My Burstner Elegance 685 (2005) model is fitted with a Dometic fridge freezer model RM 7655 L. If you have similar, remove the external lower vent and look up into the rear of the fridge. You will see a small plastic beaker with a tube leading into it. This beaker collects excess water from the fridge so that it can be evaporated off (it sits on a hot pipe). Check it every few days.

In my van (and 2 others I know of) this beaker eventually fills to overflowing, spilling water into the innards of the van. This takes anything from 4 to 14 days, depending on ambient temperature and humidity. You may never notice this unless the water emerges from under the front of the fridge, as it did in my case. I put it down to inadvertant defrosting because we perhaps left the door slightly open. When it happened again I followed the trail.

Over the course of 2 years Dometic were very helpful, replaced various bits, to no avail and eventually replaced the whole fridge this spring. It made no difference. I'm not sure where we go from here - but I would be very interested to hear from others with similar problems so I can follow up with Dometic and let you know the outcome. If you are still covered by warranty inform your dealer and/or Dometic before it expires!

If the fridge is not in use there is no water buildup. It only occurs under normal daily use.

A temporary fix is to add extra tubing, bypassing the beaker, and lead it out through the vent slats or down through the floor, somewhere harmless, depending on your van design.

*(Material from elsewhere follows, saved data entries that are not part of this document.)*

(* Let $U,V\in K_{\mathfrak{C}}$ with $U\cap V\neq\varnothing$. If $G\in\mathscr{K}(U)$ and $H\in\mathscr{K}(V)$, then $\langle G\cup H\rangle\in\mathscr{K}(U\cup V)$. If moreover $G$ and $H$ are finitely generated, then $\langle G\cup H\rangle$ is finitely generated (so lies in $\mathscr{K}^{\mathrm{f.g.}}(U\cup V)$).
   Context: $\mathfrak{C}$ denotes a Cantor space (a space homeomorphic to $\{0,1\}^\omega$). Groups of homeomorphisms act on the right. $K_{\mathfrak{C}}$ denotes the set of non-empty proper clopen subsets of $\mathfrak{C}$. For $\gamma\in\operatorname{Homeo}(\mathfrak{C})$, $\operatorname{supp}(\gamma)=\{p\in\mathfrak{C}: p\gamma\neq p\}$. For a non-empty $D\subseteq\mathfrak{C}$, a subgroup $G\le\operatorname{Homeo}(\mathfrak{C})$ is vigorous over $D$ if for every non-empty clopen $A\subseteq D$ and all non-empty proper clopen subsets $B,C$ of $A$ there is $\gamma\in G$ with $\operatorname{supp}(\gamma)\subseteq A$ and $B\gamma\subseteq C$. $\mathscr{K}(D)$ is the family of simple subgroups $G\le\operatorname{Homeo}(\mathfrak{C})$ such that $\operatorname{supp}(g)\subseteq D$ for all $g\in G$ and $G$ is vigorous over $D$; $\mathscr{K}^{\mathrm{f.g.}}(D)$ is the subfamily of finitely generated groups in $\mathscr{K}(D)$. *)

theory Defs
  imports "HOL-Analysis.Analysis" "HOL-Algebra.Algebra"
begin

type_synonym cpt = "nat \<Rightarrow> bool"

definition cantor :: "cpt topology" where
  "cantor = product_topology (\<lambda>_. discrete_topology UNIV) UNIV"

Remember, please let me have your details.
[email protected]
07749266828 (text, as phone usually off)


----------



## 2kias (Sep 18, 2006)

We appear to have the same sort of problem. Our fridge also has a pipe leading to the small plastic beaker but the pipe had a stopper in it so the water never got to the beaker but spilled into the fridge itself wetting everything. I have removed the stopper but because of the stupid design of the channel in the fridge not all the water flows away. When we move it spills out all over the contents.
Our solutions are to turn the fridge down as the 12 volt system cannot maintain the temperature and to soak up any residue of water with a cloth.
This is not satisfactory but I cannot see any another answer to it. The frozen section always remains frozen and the fridge stays cool. I would suggest that turning the temperature up a little might solve your problem.


----------



## 99524 (Jun 4, 2006)

Same here

First noticed malfunction of step / awning light / overhead light group which operate from a PCB switch unit by door. The fridge beaker overflows onto a shelf just above this and so the PCB got crudded up - to use the technical term - as water seeped down. I now check every few days and empty the beaker - also put cloths beneath it just in case.

I hadn't realised that this was a 'fault' of the fridge - Lowdhams have a fix to do something with the electrics but I just cleaned the PCB's and out them under a plastic sheet.

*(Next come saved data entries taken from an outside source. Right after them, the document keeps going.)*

(* Assume the setup below. If $b<e_K$, then $1+(\beta/2)(x-1)\mathfrak P_L\subseteq(1+\mathfrak P_M)^2\,(1+(\beta/2)(Y-1)\mathfrak P_M)$. For every $b$, $1+\beta\mathfrak P_L\subseteq(1+\mathfrak P_M)^2\,(1+(x-1)(Y-1)\mathfrak P_M)$. Consequently the inclusion $L\subseteq M$ induces well-defined homomorphisms $\mathcal L\to\mathcal M$ (when $b<e_K$) and $\mathcal L^*\to\mathcal M^*$.
   Context: $K$ is a finite extension of $\mathbb{Q}_2$, $e_K$ its absolute ramification index, $T$ its maximal unramified subextension, $q=2^{[T:\mathbb{Q}_2]}$; $\mathfrak P_F$ the maximal ideal of a field $F$. Setup: $M/K$ fully ramified biquadratic with a single break $b$, $M=K(x,y)$, $x^2=1+\beta$, $y^2=(1+(\omega+\mu)^2\beta)(1+4\lambda)$, $v_K(\beta)=2e_K-b$, $\omega\in\mathfrak O_T$ a $(q-1)$-th root of unity $\ne1$, $\mu\in K$ either $0$ or $0<v_K(\mu)<b/2$, $\lambda\in\mathfrak O_T$ either $0$ or a $(q-1)$-th root of unity with $z^2+z=\lambda$ irreducible over $T$; $L=K(x)$; $Y\in M$ defined by $yY=1+(\omega+\mu)(x-1)$. Groups: $\mathcal L=(1+\mathfrak P_L)/[(1+\mathfrak P_K)(1+\mathfrak P_L)^2(1+(\beta/2)(x-1)\mathfrak P_L)]$ and $\mathcal M=(1+\mathfrak P_M)/[(1+\mathfrak P_K)(1+\mathfrak P_M)^2(1+(\beta/2)(Y-1)\mathfrak P_M)]$ (for $b<e_K$); $\mathcal L^*=(1+\mathfrak P_L)/[(1+\mathfrak P_K)(1+\mathfrak P_L)^2(1+\beta\mathfrak P_L)]$ and $\mathcal M^*=(1+\mathfrak P_M)/[(1+\mathfrak P_K)(1+\mathfrak P_M)^2(1+(x-1)(Y-1)\mathfrak P_M)]$. *)

theory Defs
  imports Main
begin

text \<open>The ambient field is the type 'a; the top field M is the whole type.
  Valuations are functions v :: 'a => int whose value at 0 is irrelevant
  (0 is treated as having valuation +infinity via vge).\<close>

definition vge :: "('a::field \<Rightarrow> int) \<Rightarrow> int \<Rightarrow> 'a \<Rightarrow> bool" where
  "vge v n t \<longleftrightarrow> t = 0 \<or> n \<le> v t"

AS for the fridge - I first thought it was just happening in hot weather ( remember last july in the UK when there was a heat wave and it wasn't raining !!) but it tends to fill up if you use the fridge a lot - even if its set to 'mid temperature.

Also if its in storage and defrosts it will also refill.

Richard


----------



## gandj (May 11, 2005)

Thanks John. We have adjusted temperature, tried it with frame on and off etc, etc. For weeks on end I kept a daily log of water level in the beaker against ambient temperature, with frame heater on and off. I shared this with Dometic. We were questioned by Dometic on how we use the fridge. The emerging evidence is that this is a widespread problem (but not widely recognised). It is not anything we are doing. It seems to be the design of the fridge which is at fault.

Thanks 2kias. - We also had water spilling from the collection tray onto food. It seems different dealers are trying various solutions. It is really for Dometic to sort this, but at the moment we are the only ones to have taken the problem back to base at it were. That is why I am trying to collate more evidence of this being a widespread problem. At the moment I have 4 other cases, apart from ourselves, covering Burstner, Hobby and Cathargo.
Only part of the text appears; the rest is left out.